Accelerating Equivariant Graph Neural Networks with JAX

A Tutorial on How to Make EGNNs Faster

Introduction

This blogpost serves as a tutorial for the fast and scalable training of Equivariant Neural Networks, which are slower to train due to the handling of more complex data. We propose leveraging JAX’s capabilities to address these challenges. In this work, we analyze the benefits of utilizing JAX and provide a detailed breakdown of the steps needed to achieve a fully JIT-compatible framework. This approach not only enhances the performance of Neural Networks but also opens the door for future research in developing fully equivariant transformers using JAX. The code used in this tutorial is available here.

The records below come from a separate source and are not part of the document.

(* Let $\mathcal{G}$ be an effective ample groupoid. (1) If $|\operatorname{Orb}_{\mathcal{G}}(x)|\ge2$ for every $x\in\mathcal{G}^{(0)}$, then $\llbracket\mathcal{G}\rrbracket$ covers $\mathcal{G}$. (2) If $|\operatorname{Orb}_{\mathcal{G}}(x)|\ge3$ for every $x\in\mathcal{G}^{(0)}$, then $\mathsf{D}(\llbracket\mathcal{G}\rrbracket)$ covers $\mathcal{G}$.
   Context: Étale groupoid: range map $r(g)=gg^{-1}$ (and source $s(g)=g^{-1}g$) a local homeomorphism; ample: étale with $\mathcal{G}^{(0)}$ Hausdorff having a basis of compact open sets; effective: interior of $\{g:s(g)=r(g)\}$ equals $\mathcal{G}^{(0)}$. $\operatorname{Orb}_{\mathcal{G}}(x)=\{r(g):s(g)=x\}$. A full bisection is an open $U\subseteq\mathcal{G}$ with $s|_U,r|_U$ injective and $s(U)=r(U)=\mathcal{G}^{(0)}$; $\pi_U=r|_U\circ(s|_U)^{-1}$. $\llbracket\mathcal{G}\rrbracket$ is the group of all $\pi_U$ for full bisections $U$ with compact support (closure of moved points); $\mathsf{D}(\llbracket\mathcal{G}\rrbracket)$ its commutator subgroup. A subgroup $\Gamma\le\llbracket\mathcal{G}\rrbracket$ covers $\mathcal{G}$ if for every $g\in\mathcal{G}$ there is a full bisection $U$ with $g\in U$ and $\pi_U\in\Gamma$. *)

theory Defs
  imports "HOL-Analysis.Analysis" "HOL-Algebra.Generated_Groups"
begin

text \<open>A groupoid is given by its set of arrows G, a multiplication m (meaningful on
composable pairs) and an inversion i.\<close>

definition gsrc :: "('g \<Rightarrow> 'g \<Rightarrow> 'g) \<Rightarrow> ('g \<Rightarrow> 'g) \<Rightarrow> 'g \<Rightarrow> 'g" where
  "gsrc m i g = m (i g) g"

definition grng :: "('g \<Rightarrow> 'g \<Rightarrow> 'g) \<Rightarrow> ('g \<Rightarrow> 'g) \<Rightarrow> 'g \<Rightarrow> 'g" where
  "grng m i g = m g (i g)"

definition units :: "'g set \<Rightarrow> ('g \<Rightarrow> 'g \<Rightarrow> 'g) \<Rightarrow> ('g \<Rightarrow> 'g) \<Rightarrow> 'g set" where
  "units G m i = grng m i ` G"

definition composable :: "'g set \<Rightarrow> ('g \<Rightarrow> 'g \<Rightarrow> 'g) \<Rightarrow> ('g \<Rightarrow> 'g) \<Rightarrow> ('g \<times> 'g) set" where
  "composable G m i = {(g, h). g \<in> G \<and> h \<in> G \<and> gsrc m i g = grng m i h}"

definition groupoid :: "'g set \<Rightarrow> ('g \<Rightarrow> 'g \<Rightarrow> 'g) \<Rightarrow> ('g \<Rightarrow> 'g) \<Rightarrow> bool" where
  "groupoid G m i \<longleftrightarrow>
     (\<forall>g\<in>G. i g \<in> G \<and> i (i g) = g) \<and>
     (\<forall>g\<in>G. \<forall>h\<in>G. gsrc m i g = grng m i h \<longrightarrow>
        m g h \<in> G \<and> gsrc m i (m g h) = gsrc m i h \<and> grng m i (m g h) = grng m i g \<and>
        m (i g) (m g h) = h \<and> m (m g h) (i h) = g) \<and>
     (\<forall>g\<in>G. \<forall>h\<in>G. \<forall>k\<in>G. gsrc m i g = grng m i h \<and> gsrc m i h = grng m i k \<longrightarrow>
        m (m g h) k = m g (m h k))"

definition top_groupoid :: "'g topology \<Rightarrow> 'g set \<Rightarrow> ('g \<Rightarrow> 'g \<Rightarrow> 'g) \<Rightarrow> ('g \<Rightarrow> 'g) \<Rightarrow> bool" where
  "top_groupoid T G m i \<longleftrightarrow> groupoid G m i \<and> topspace T = G \<and>
     continuous_map (subtopology (prod_topology T T) (composable G m i)) T (\<lambda>(g, h). m g h) \<and>
     continuous_map T T i"

definition etale :: "'g topology \<Rightarrow> 'g set \<Rightarrow> ('g \<Rightarrow> 'g \<Rightarrow> 'g) \<Rightarrow> ('g \<Rightarrow> 'g) \<Rightarrow> bool" where
  "etale T G m i \<longleftrightarrow> top_groupoid T G m i \<and>
     (\<forall>g\<in>G. \<exists>U. openin T U \<and> g \<in> U \<and>
        openin (subtopology T (units G m i)) (grng m i ` U) \<and>
        homeomorphic_map (subtopology T U) (subtopology T (grng m i ` U)) (grng m i))"

definition ample :: "'g topology \<Rightarrow> 'g set \<Rightarrow> ('g \<Rightarrow> 'g \<Rightarrow> 'g) \<Rightarrow> ('g \<Rightarrow> 'g) \<Rightarrow> bool" where
  "ample T G m i \<longleftrightarrow> etale T G m i \<and>
     Hausdorff_space (subtopology T (units G m i)) \<and>
     (\<forall>W x. openin (subtopology T (units G m i)) W \<and> x \<in> W \<longrightarrow>
        (\<exists>K. openin (subtopology T (units G m i)) K \<and> compactin T K \<and> x \<in> K \<and> K \<subseteq> W))"

definition effective :: "'g topology \<Rightarrow> 'g set \<Rightarrow> ('g \<Rightarrow> 'g \<Rightarrow> 'g) \<Rightarrow> ('g \<Rightarrow> 'g) \<Rightarrow> bool" where
  "effective T G m i \<longleftrightarrow>
     T interior_of {g \<in> G. gsrc m i g = grng m i g} = units G m i"

definition orbit :: "'g set \<Rightarrow> ('g \<Rightarrow> 'g \<Rightarrow> 'g) \<Rightarrow> ('g \<Rightarrow> 'g) \<Rightarrow> 'g \<Rightarrow> 'g set" where
  "orbit G m i x = {grng m i g | g. g \<in> G \<and> gsrc m i g = x}"

definition card_ge :: "'a set \<Rightarrow> nat \<Rightarrow> bool" where
  "card_ge A n \<longleftrightarrow> infinite A \<or> n \<le> card A"

definition full_bisection :: "'g topology \<Rightarrow> 'g set \<Rightarrow> ('g \<Rightarrow> 'g \<Rightarrow> 'g) \<Rightarrow> ('g \<Rightarrow> 'g) \<Rightarrow> 'g set \<Rightarrow> bool" where
  "full_bisection T G m i U \<longleftrightarrow> openin T U \<and> U \<subseteq> G \<and>
     inj_on (gsrc m i) U \<and> inj_on (grng m i) U \<and>
     gsrc m i ` U = units G m i \<and> grng m i ` U = units G m i"

text \<open>pi_U = r|_U o (s|_U)^-1 on the unit space, extended by the identity outside it
(so that these maps form a group of permutations under composition).\<close>

definition bisect_map :: "'g set \<Rightarrow> ('g \<Rightarrow> 'g \<Rightarrow> 'g) \<Rightarrow> ('g \<Rightarrow> 'g) \<Rightarrow> 'g set \<Rightarrow> 'g \<Rightarrow> 'g" where
  "bisect_map G m i U x =
     (if x \<in> units G m i then grng m i (THE g. g \<in> U \<and> gsrc m i g = x) else x)"

definition compact_support :: "'g topology \<Rightarrow> 'g set \<Rightarrow> ('g \<Rightarrow> 'g \<Rightarrow> 'g) \<Rightarrow> ('g \<Rightarrow> 'g) \<Rightarrow> ('g \<Rightarrow> 'g) \<Rightarrow> bool" where
  "compact_support T G m i f \<longleftrightarrow>
     compactin (subtopology T (units G m i))
       ((subtopology T (units G m i)) closure_of {x \<in> units G m i. f x \<noteq> x})"

definition full_group :: "'g topology \<Rightarrow> 'g set \<Rightarrow> ('g \<Rightarrow> 'g \<Rightarrow> 'g) \<Rightarrow> ('g \<Rightarrow> 'g) \<Rightarrow> ('g \<Rightarrow> 'g) set" where
  "full_group T G m i = {bisect_map G m i U | U. full_bisection T G m i U \<and>
                            compact_support T G m i (bisect_map G m i U)}"

definition full_group_str :: "'g topology \<Rightarrow> 'g set \<Rightarrow> ('g \<Rightarrow> 'g \<Rightarrow> 'g) \<Rightarrow> ('g \<Rightarrow> 'g) \<Rightarrow> ('g \<Rightarrow> 'g) monoid" where
  "full_group_str T G m i = \<lparr>carrier = full_group T G m i, mult = (\<circ>), one = id\<rparr>"

definition full_group_commutator :: "'g topology \<Rightarrow> 'g set \<Rightarrow> ('g \<Rightarrow> 'g \<Rightarrow> 'g) \<Rightarrow> ('g \<Rightarrow> 'g) \<Rightarrow> ('g \<Rightarrow> 'g) set" where
  "full_group_commutator T G m i =
     derived (full_group_str T G m i) (carrier (full_group_str T G m i))"

definition covers :: "'g topology \<Rightarrow> 'g set \<Rightarrow> ('g \<Rightarrow> 'g \<Rightarrow> 'g) \<Rightarrow> ('g \<Rightarrow> 'g) \<Rightarrow> ('g \<Rightarrow> 'g) set \<Rightarrow> bool" where
  "covers T G m i \<Gamma> \<longleftrightarrow>
     (\<forall>g\<in>G. \<exists>U. full_bisection T G m i U \<and> g \<in> U \<and> bisect_map G m i U \<in> \<Gamma>)"

end

theory Submission
  imports Defs
begin

text \<open>A non-isotropic arrow g lies in a compact open bisection B whose source and range sets
  are disjoint (ampleness and Hausdorffness of the unit space). Then
  B \<union> B\<inverse> \<union> (G0 - (src B \<union> rng B)) is a full bisection whose map is a compactly supported
  involution, a transposition. Products of full bisections realise compositions of their maps,
  and an isotropic arrow g factors as k\<inverse> (k g) with both factors non-isotropic as soon as the
  orbit of src g has a second point. For the commutator subgroup, a third orbit point z yields
  h : rng g \<rightarrow> z; taking the transposition A through g to fix z and a transposition C through h,
  g = h\<inverse> z h g lies in C A C A, whose map is the commutator of the two transpositions.\<close>

lemma card_ge_imp_not_subset:
  assumes "card_ge A n" "finite F" "card F < n"
  shows "\<not> A \<subseteq> F"
  using assms card_mono[of F A] finite_subset[of A F] unfolding card_ge_def by auto

lemma inj_on_Un_disjoint_images:
  "inj_on f A \<Longrightarrow> inj_on f B \<Longrightarrow> f ` A \<inter> f ` B = {} \<Longrightarrow> inj_on f (A \<union> B)"
  by (auto simp: inj_on_Un)

lemma compact_supportI:
  assumes "{x \<in> units G m i. f x \<noteq> x} \<subseteq> K"
    and "closedin (subtopology T (units G m i)) K" "compactin (subtopology T (units G m i)) K"
  shows "compact_support T G m i f"
proof -
  have "subtopology T (units G m i) closure_of {x \<in> units G m i. f x \<noteq> x} \<subseteq> K"
    using assms(1,2) by (rule closure_of_minimal)
  then show ?thesis
    unfolding compact_support_def using closed_compactin[OF assms(3)] closedin_closure_of by blast
qed

lemma full_group_inv_involution:
  assumes "t \<in> full_group T G m i" "t \<circ> t = id"
  shows "inv\<^bsub>full_group_str T G m i\<^esub> t = t"
proof -
  have "y = t" if "t \<circ> y = id" for y
    by (metis that assms(2) comp_assoc comp_id id_comp)
  then show ?thesis
    unfolding m_inv_def full_group_str_def using assms by (auto intro!: the_equality)
qed

lemma involution_commutator_in_full_group_commutator:
  assumes "s \<in> full_group T G m i" "s \<circ> s = id" "t \<in> full_group T G m i" "t \<circ> t = id"
  shows "s \<circ> t \<circ> s \<circ> t \<in> full_group_commutator T G m i"
proof -
  let ?M = "full_group_str T G m i"
  have "s \<otimes>\<^bsub>?M\<^esub> t \<otimes>\<^bsub>?M\<^esub> inv\<^bsub>?M\<^esub> s \<otimes>\<^bsub>?M\<^esub> inv\<^bsub>?M\<^esub> t \<in> derived_set ?M (carrier ?M)"
    using assms by (auto simp: full_group_str_def)
  moreover have "inv\<^bsub>?M\<^esub> s = s" "inv\<^bsub>?M\<^esub> t = t"
    using assms by (simp_all add: full_group_inv_involution)
  ultimately have "s \<circ> t \<circ> s \<circ> t \<in> derived_set ?M (carrier ?M)"
    by (simp add: full_group_str_def)
  then show ?thesis
    unfolding full_group_commutator_def derived_def by (rule generate.incl)
qed

lemma full_group_commutator_comp:
  assumes "f \<in> full_group_commutator T G m i" "h \<in> full_group_commutator T G m i"
  shows "f \<circ> h \<in> full_group_commutator T G m i"
  using generate.eng[OF assms[unfolded full_group_commutator_def derived_def]]
  by (simp add: full_group_commutator_def derived_def full_group_str_def)

locale groupoid_structure =
  fixes G :: "'g set" and m :: "'g \<Rightarrow> 'g \<Rightarrow> 'g" and i :: "'g \<Rightarrow> 'g"
  assumes groupoid: "groupoid G m i"
begin

abbreviation "src \<equiv> gsrc m i"
abbreviation "rng \<equiv> grng m i"
abbreviation "G0 \<equiv> units G m i"

lemma inv_closed: "g \<in> G \<Longrightarrow> i g \<in> G"
  and inv_inv: "g \<in> G \<Longrightarrow> i (i g) = g"
  using groupoid unfolding groupoid_def by auto

lemma
  assumes "g \<in> G" "h \<in> G" "src g = rng h"
  shows mult_closed: "m g h \<in> G"
    and src_mult: "src (m g h) = src h"
    and rng_mult: "rng (m g h) = rng g"
    and inv_mult_cancel_left: "m (i g) (m g h) = h"
    and mult_inv_cancel_right: "m (m g h) (i h) = g"
  using groupoid assms unfolding groupoid_def by auto

lemma rng_inv: "g \<in> G \<Longrightarrow> rng (i g) = src g"
  and src_inv: "g \<in> G \<Longrightarrow> src (i g) = rng g"
  by (simp_all add: gsrc_def grng_def inv_inv)

lemma rng_in_units: "g \<in> G \<Longrightarrow> rng g \<in> G0"
  by (simp add: units_def)

lemma src_in_units: "g \<in> G \<Longrightarrow> src g \<in> G0"
  using rng_in_units[OF inv_closed] by (simp add: rng_inv)

lemma units_subset: "G0 \<subseteq> G"
proof
  fix x assume "x \<in> G0"
  then obtain g where "g \<in> G" "x = m g (i g)"
    by (auto simp: units_def grng_def)
  then show "x \<in> G"
    using mult_closed[OF _ inv_closed rng_inv[symmetric]] by simp
qed

lemma mult_rng_left: "g \<in> G \<Longrightarrow> m (rng g) g = g"
  using mult_inv_cancel_right[OF _ inv_closed rng_inv[symmetric], of g] by (simp add: grng_def inv_inv)

lemma
  assumes "x \<in> G0"
  shows rng_unit: "rng x = x" and src_unit: "src x = x" and inv_unit: "i x = x"
proof -
  obtain a where a: "a \<in> G" "x = rng a"
    using assms by (auto simp: units_def)
  have "src a = rng (i a)"
    using a by (simp add: rng_inv)
  note a_inv = a(1) inv_closed[OF a(1)] this
  show "rng x = x"
    using rng_mult[OF a_inv] a by (simp add: grng_def)
  show src: "src x = x"
    using src_mult[OF a_inv] a by (simp add: grng_def src_inv)
  have "m (i x) (m x (i x)) = i x"
    using inv_mult_cancel_left[of x "i x"] assms units_subset by (auto simp: inv_closed rng_inv)
  then show "i x = x"
    using \<open>rng x = x\<close> src by (simp add: grng_def gsrc_def)
qed

definition mult_set :: "'g set \<Rightarrow> 'g set \<Rightarrow> 'g set" where
  "mult_set U V = {m u v | u v. u \<in> U \<and> v \<in> V \<and> src u = rng v}"

lemma mult_setI: "u \<in> U \<Longrightarrow> v \<in> V \<Longrightarrow> src u = rng v \<Longrightarrow> m u v \<in> mult_set U V"
  unfolding mult_set_def by auto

This blogpost serves three purposes:

  1. Explain the ideas of equivariance in networks while also explaining some of the methods used.
  2. Give an overview of the performance tests conducted on the two approaches.
  3. Provide an overview of reproduction results for the Equivariant Graph Neural Network.

Recap of Equivariance

As equivariance is prevalent in the natural sciences , it makes sense to utilize them for our neural networks, especially given the evidence suggesting that it significantly improves performance through increasing the network’s generalizability . One large area within this subfield of deep learning is learning 3D translation and rotation symmetries, where various techniques have been created such as Graph Convolutional Neural Networks and Tensor Field Networks .

Following these works, more efficient implementations have emerged, with the first being the Equivariant Graph Neural Network (EGNN) . Based on the GNN , which follows a message passing scheme, it innovates by inputting the relative squared distance between two coordinates into the edge operation and to make the output equivariant, updates the coordinates of the nodes per layer. This specific method bypasses any expensive computations/approximations relative to other, similar methods while retaining high performance levels, making it preferable compared to most other GNN architectures.

More recently, transformer architectures have been utilized within the field of equivariant models. While not typically used for these types of problems due to how they were originally developed for sequential tasks , recent work has suggested their effectiveness for tackling such issues . This is possible through the incorporation of domain-related inductive biases, allowing them to model geometric constraints and operations. In addition, one property of transformers is that they assume full adjacency by default, which is something that can be adjusted to better match the local connectivity of GNN approaches. These additions further increase the complexity of the framework, strongly highlighting the need for a more efficient alternative.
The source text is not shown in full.